Science
fiction | Old Mars | Edited by George RR Martin and Gardner
Dozois
As
George RR Martin says in the introduction, this is the 'old' Mars,
the one in the imaginations of Percival Lowell, Edgar Rice Burroughs
and Ray Bradbury. The Mars with ancient canals so wide they are
visible from Earth. Not the real Mars of barren lands and atmospheres
thinner than ghosts. Short stories to evoke that utterly fictional
Mars.
Let
me go story by story. But to start with, I was greatly disappointed.
The first stories are very much close to the tenor of earlier
stories: all-male. As the book proceeded, though, I revised my early
impressions. Which is good for you. I think.
Martian
Blood by
Allen M Steele is about an Earth researcher going into the
tourist-ridden
cities on Mars, looking for
some Martian blood to prove or disprove his hypothesis that Martians
and Earthers are ultimately descended from the same genetic pool. The
Martian natives (no other word quite fits, sorry) are reclusive and
hostile, likely to be violent. The researcher's hired guide is left
to make world-changing decisions. Is it deliberate that the Martian
aborigines' word for themselves is shatan?
The
Ugly Duckling
by Matthew Hughes could have been written by Bradbury. Fred Mather,
an archaeologist, smuggles himself to Mars, marsquerading (I can't
help myself) as a miner. Miners on Mars have quotas to fill. Martian
cities are made of bone, and pulverising them and shipping them is
hugely profitable. Nobody to record the cities, or the Martian
culture. Fred offers to scout and lay the laser finders for the big
machines. This way, he gets to see the city before it is demolished.
He finds an amphitheatre, and the Martian script suddenly and
telepathically makes sense to him, as he finds himself immersed in a
Martian entertainment/history. The boss miner finds him lost to the
Martian madness, in which he thinks himself a Martian, and has to
save himself from Fred's attack. For some reason, ancient Martian
'masks' have value. Go figure.
In
The Wreck of The Mars Adventure,
Captain Kidd is rescued by the King of England days before he is due
to be hanged, under condition that he leads an expedition to Mars. On
a sailing ship equipped with hot air balloons. And accompanied by the
eccentric scientist who has designed the equipment. Off they sail,
through doldrums and storms between the planets. (Yeah, exactly!).
Finally, they crashland on Mars, where their trade goods help them
for a short while, to trade
with suspicious Martian princes. The scene in which the Martians
solemnly eat a Bible and the horror of the scientist at this
blasphemy was quite funny!
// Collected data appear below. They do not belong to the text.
(* Every $\sigma$-scattered metrizable space is a $\Delta$-space.
   Context: A space is $\sigma$-scattered if it is a countable union of scattered subspaces (a space is scattered if every nonempty subset has a point isolated in that subset). A topological space $X$ is a $\Delta$-space if for every decreasing sequence $\{D_n:n\in\omega\}$ of subsets of $X$ with $\bigcap_n D_n=\emptyset$ there is a decreasing sequence $\{V_n:n\in\omega\}$ of open subsets of $X$ with $D_n\subseteq V_n$ for all $n$ and $\bigcap_n V_n=\emptyset$. *)

theory Defs
  imports "HOL-Analysis.Analysis"
begin

definition scattered_space :: "'a topology \<Rightarrow> bool" where
  "scattered_space X \<longleftrightarrow>
     (\<forall>T. T \<subseteq> topspace X \<and> T \<noteq> {} \<longrightarrow>
        (\<exists>x\<in>T. \<exists>U. openin X U \<and> U \<inter> T = {x}))"

definition sigma_scattered :: "'a topology \<Rightarrow> bool" where
  "sigma_scattered X \<longleftrightarrow>
     (\<exists>A :: nat \<Rightarrow> 'a set. topspace X = (\<Union>n. A n) \<and>
        (\<forall>n. scattered_space (subtopology X (A n))))"

definition delta_space :: "'a topology \<Rightarrow> bool" where
  "delta_space X \<longleftrightarrow>
     (\<forall>D :: nat \<Rightarrow> 'a set.
        (\<forall>n. D n \<subseteq> topspace X) \<and> (\<forall>n. D (Suc n) \<subseteq> D n) \<and> (\<Inter>n. D n) = {} \<longrightarrow>
        (\<exists>V :: nat \<Rightarrow> 'a set. (\<forall>n. openin X (V n)) \<and> (\<forall>n. V (Suc n) \<subseteq> V n) \<and>
           (\<forall>n. D n \<subseteq> V n) \<and> (\<Inter>n. V n) = {}))"

end

theory Submission
  imports Defs
begin

text \<open>
Repeatedly removing isolated points orders a scattered space by an antisymmetric relation R
in which every point x has a neighbourhood of R-predecessors. In a metric space this gives
radii \<rho> on each scattered piece such that two points lying within each other's radius
coincide, so a \<sigma>-scattered metric space is a countable union of uniformly discrete
sets T i. Assign to x the ball of half the separation of the first T i containing x, minus
the closed sets T l with l < i. A point y lies in this neighbourhood of at most one x from
each T i, and only for i not exceeding the index of y, so the assignment is point-finite.
For decreasing D n with empty intersection, the unions V n of the neighbourhoods of the
points of D n then have empty intersection too: the finitely many x whose neighbourhood
contains y all eventually leave D n.
\<close>

lemma scattered_space_antisym_nhds:
  assumes "scattered_space X"
  obtains R where "antisym R"
    and "\<And>x. x \<in> topspace X \<Longrightarrow> \<exists>U. openin X U \<and> x \<in> U \<and> U \<subseteq> {z. (z, x) \<in> R}"
proof -
  \<comment> \<open>The points x with (x, x) \<in> R are those placed so far.\<close>
  define F where "F = {R. (\<forall>(z, x) \<in> R. (z, z) \<in> R) \<and> antisym R \<and>
      (\<forall>x. (x, x) \<in> R \<longrightarrow> (\<exists>U. openin X U \<and> x \<in> U \<and> U \<subseteq> {z. (z, x) \<in> R}))}"
  have "\<Union>C \<in> F" if "C \<in> chains F" for C
  proof -
    have "C \<subseteq> F" "chain\<^sub>\<subseteq> C" using that by (auto simp: chains_def)
    then have "antisym (\<Union>C)" by (intro chain_subset_antisym_Union) (auto simp: F_def)
    moreover have "(z, z) \<in> \<Union>C" if "(z, x) \<in> \<Union>C" for z x
      using that \<open>C \<subseteq> F\<close> unfolding F_def by fast
    moreover have "\<exists>U. openin X U \<and> x \<in> U \<and> U \<subseteq> {z. (z, x) \<in> \<Union>C}" if x: "(x, x) \<in> \<Union>C" for x
    proof -
      obtain S where "S \<in> C" "(x, x) \<in> S" using x by blast
      then have "\<forall>x. (x, x) \<in> S \<longrightarrow> (\<exists>U. openin X U \<and> x \<in> U \<and> U \<subseteq> {z. (z, x) \<in> S})"
        using \<open>C \<subseteq> F\<close> unfolding F_def by auto
      with \<open>(x, x) \<in> S\<close> obtain U where "openin X U" "x \<in> U" "U \<subseteq> {z. (z, x) \<in> S}"
        by blast
      then show ?thesis using \<open>S \<in> C\<close> by blast
    qed
    ultimately show ?thesis unfolding F_def by blast
  qed
  then obtain R where "R \<in> F" and R_max: "\<And>S. S \<in> F \<Longrightarrow> R \<subseteq> S \<Longrightarrow> S = R"
    using Zorn_Lemma[of F] by blast
  then have R_left_refl: "\<And>z x. (z, x) \<in> R \<Longrightarrow> (z, z) \<in> R" and "antisym R"
    and R_nhds: "\<And>x. (x, x) \<in> R \<Longrightarrow> \<exists>U. openin X U \<and> x \<in> U \<and> U \<subseteq> {z. (z, x) \<in> R}"
    unfolding F_def by auto
  define B where "B = {x. (x, x) \<in> R}"
  have "topspace X \<subseteq> B"
  proof (rule ccontr)
    assume "\<not> topspace X \<subseteq> B"
    then obtain x U where x: "x \<in> topspace X - B" and "openin X U" and U: "U \<inter> (topspace X - B) = {x}"
      using assms unfolding scattered_space_def by (metis Diff_eq_empty_iff Diff_subset)
    \<comment> \<open>Place the point x, isolated among the unplaced points, above all placed ones.\<close>
    define R' where "R' = R \<union> insert x B \<times> {x}"
    have "antisym R'"
      using \<open>antisym R\<close> x R_left_refl unfolding R'_def B_def antisym_def by auto
    moreover have "U \<subseteq> {z. (z, x) \<in> R'}"
      using U openin_subset[OF \<open>openin X U\<close>] unfolding R'_def by auto
    then have "\<exists>U. openin X U \<and> w \<in> U \<and> U \<subseteq> {z. (z, w) \<in> R'}" if "(w, w) \<in> R'" for w
      using that R_nhds \<open>openin X U\<close> U unfolding R'_def B_def by auto
    ultimately have "R' \<in> F" using R_left_refl unfolding F_def R'_def B_def by auto
    then have "R' = R" using R_max unfolding R'_def by blast
    then show False using x unfolding R'_def B_def by blast
  qed
  then show ?thesis using that \<open>antisym R\<close> R_nhds unfolding B_def by blast
qed
lemma lead_zero_level: "lead j A X \<Longrightarrow> mcong (int p) X 0 \<Longrightarrow> A \<in> level (Suc j)"
  using lead_cong level_Suc_iff_lead_zero by blast

lemma lead_one: "lead j \<one>\<^bsub>G\<^esub> 0"
  using one_level level_Suc_iff_lead_zero by blast

text \<open>From level one on, the factor \<open>p\<^sup>2\<^sup>j\<close> of the cross term vanishes modulo \<open>p\<^sup>j\<^sup>+\<^sup>1\<close>.\<close>

lemma lead_mult:
  assumes j: "1 \<le> j" and a: "lead j A X" and b: "lead j B Y"
  shows "lead j (A \<otimes>\<^bsub>G\<^esub> B) (X + Y)"
proof -
  have c: "A \<in> carrier G" "B \<in> carrier G" using a b lead_carrier by auto
  have "mcong (q (Suc j)) (rep (Suc j) (A \<otimes>\<^bsub>G\<^esub> B)) (rep (Suc j) A * rep (Suc j) B)"
    by (rule rep_mult[OF c])
  also have "mcong (q (Suc j)) \<dots> ((1 + of_int (q j) * X) * (1 + of_int (q j) * Y))"
    using a b by (intro mcong_mult) (auto simp: lead_def)
  also have "(1 + of_int (q j) * X) * (1 + of_int (q j) * Y) =
      (1 + of_int (q j) * (X + Y)) + of_int (q (Suc j)) * (of_int (int p ^ (j - 1)) * (X * Y))"
  proof -
    have e: "q j * q j = q (Suc j) * int p ^ (j - 1)"
      using j by (simp add: power_add[symmetric] power_Suc[symmetric] del: power_Suc)
    have "(1 + of_int (q j) * X) * (1 + of_int (q j) * Y) =
      (1 + of_int (q j) * (X + Y)) + of_int (q j * q j) * (X * Y)"
      by (cases X; cases Y) (simp add: algebra_simps of_int_m2)
    then show ?thesis
      unfolding e by (simp add: mult.assoc of_int_mult del: of_int_m2)
  qed
  also have "mcong (q (Suc j)) \<dots> (1 + of_int (q j) * (X + Y))"
    by (rule mcong_add_smult)
  finally show ?thesis using mult_carrier[OF c] by (simp add: lead_def)
qed

lemma lead_inv: "1 \<le> j \<Longrightarrow> lead j A X \<Longrightarrow> lead j (inv\<^bsub>G\<^esub> A) (- X)"
proof -
  assume j: "1 \<le> j" and a: "lead j A X"
  have ca: "A \<in> carrier G" using a lead_carrier by blast
  have "inv\<^bsub>G\<^esub> A \<in> level j"
    by (rule subgroup.m_inv_closed[OF level_subgroup lead_level[OF a]])
  then obtain Y where y: "lead j (inv\<^bsub>G\<^esub> A) Y" using lead_exists by blast
  have "lead j (inv\<^bsub>G\<^esub> A \<otimes>\<^bsub>G\<^esub> A) (Y + X)" by (rule lead_mult[OF j y a])
  moreover have "inv\<^bsub>G\<^esub> A \<otimes>\<^bsub>G\<^esub> A = \<one>\<^bsub>G\<^esub>" by (rule G.l_inv[OF ca])
  ultimately have "mcong (int p) (Y + X) 0"
    using lead_unique[OF _ lead_one] by simp
  then have "mcong (int p) (Y + X - X) (0 - X)" by (rule mcong_diff) (rule mcong_refl)
  then have "mcong (int p) Y (- X)" by simp
  then show ?thesis by (rule lead_cong[OF y])
qed

lemma lead_via_level:
  assumes "1 \<le> j" "lead j A X" "B \<in> carrier G" "inv\<^bsub>G\<^esub> A \<otimes>\<^bsub>G\<^esub> B \<in> level (Suc j)"
  shows "lead j B X"
proof -
  have "A \<in> carrier G" using assms(2) lead_carrier by blast
  then have "A \<otimes>\<^bsub>G\<^esub> (inv\<^bsub>G\<^esub> A \<otimes>\<^bsub>G\<^esub> B) = B" using assms(3) by (simp add: G.m_assoc[symmetric])
  then show ?thesis
    using lead_mult[OF assms(1,2) iffD1[OF level_Suc_iff_lead_zero assms(4)]] by simp
qed

lemma lead_pow_nat: "1 \<le> j \<Longrightarrow> lead j A X \<Longrightarrow> lead j (A [^]\<^bsub>G\<^esub> (k::nat)) (of_nat k * X)"
proof (induction k)
  case 0
  then show ?case using lead_one by simp
next
  case (Suc k)
  have "lead j (A [^]\<^bsub>G\<^esub> k \<otimes>\<^bsub>G\<^esub> A) (of_nat k * X + X)"
    by (rule lead_mult[OF Suc.prems(1) Suc.IH[OF Suc.prems] Suc.prems(2)])
  then show ?case by (simp add: algebra_simps)
qed

lemma lead_sl2_mod_p: "1 \<le> j \<Longrightarrow> lead j A X \<Longrightarrow> sl2_mod_p X"
proof -
  assume j: "1 \<le> j" and a: "lead j A X"
  have "q (Suc j) dvd (mdet (rep (Suc j) A) - 1)"
    using a lead_carrier mdet_rep by blast
  moreover have "q (Suc j) dvd (mdet (rep (Suc j) A) - mdet (1 + of_int (q j) * X))"
    using a by (intro mcong_mdet) (simp add: lead_def)
  ultimately have "q (Suc j) dvd ((mdet (rep (Suc j) A) - 1)
      - (mdet (rep (Suc j) A) - mdet (1 + of_int (q j) * X)))"
    by (rule dvd_diff)
  then have d: "q (Suc j) dvd (mdet (1 + of_int (q j) * X) - 1)" by simp
  have e: "mdet (1 + of_int (q j) * X) - 1 = q j * mtr X + q (j + j) * mdet X"
    by (cases X) (simp add: mdet_def mtr_def algebra_simps m2_zero_one of_int_m2 power_add)
  have "q (Suc j) dvd q (j + j) * mdet X"
    using j by (intro dvd_mult2 le_imp_power_dvd) simp
  then have "q j * int p dvd q j * mtr X"
    using d unfolding e by (simp add: dvd_add_left_iff mult.commute)
  then show ?thesis using q_pos[of j] p_ge3 by simp
qed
David
D Levine certainly gets a good flavour of 100-year-old science
fiction, Victorian without
being steampunk, and utterly
unscientific.
The
Swords of Zar-tu-kan feature
the first woman in the book, and high time. SM Stirling has populated
both Venus and Mars with aliens, and this story is placed in that
world. A biologist arrives on Mars, and is taken under the wing of a
resident Terranan.
Unfortunately, he is promptly kidnapped. Like many a Larry Niven
character, the Martians have great respect for contracts. Also for
debts. Sally Yamashita ropes
in an old comrade, the Professional Practitioner of Coercive
Violence, Teyudza-Zhalt. The duo find the missing biologist—but of
course—with very satisfactory shenanigans on the way. A nice mix of
Japanese culture and Mister Spock's alien logic, not
to mention a talking 'optimal canid' named Satemcan.
There is also a very good reason for the kidnapping. This
story is one of my favourites in this book.
So
I continued reading the book.
Shoals
by Mary Rosenblum also explores the miners vs. dreamers trope.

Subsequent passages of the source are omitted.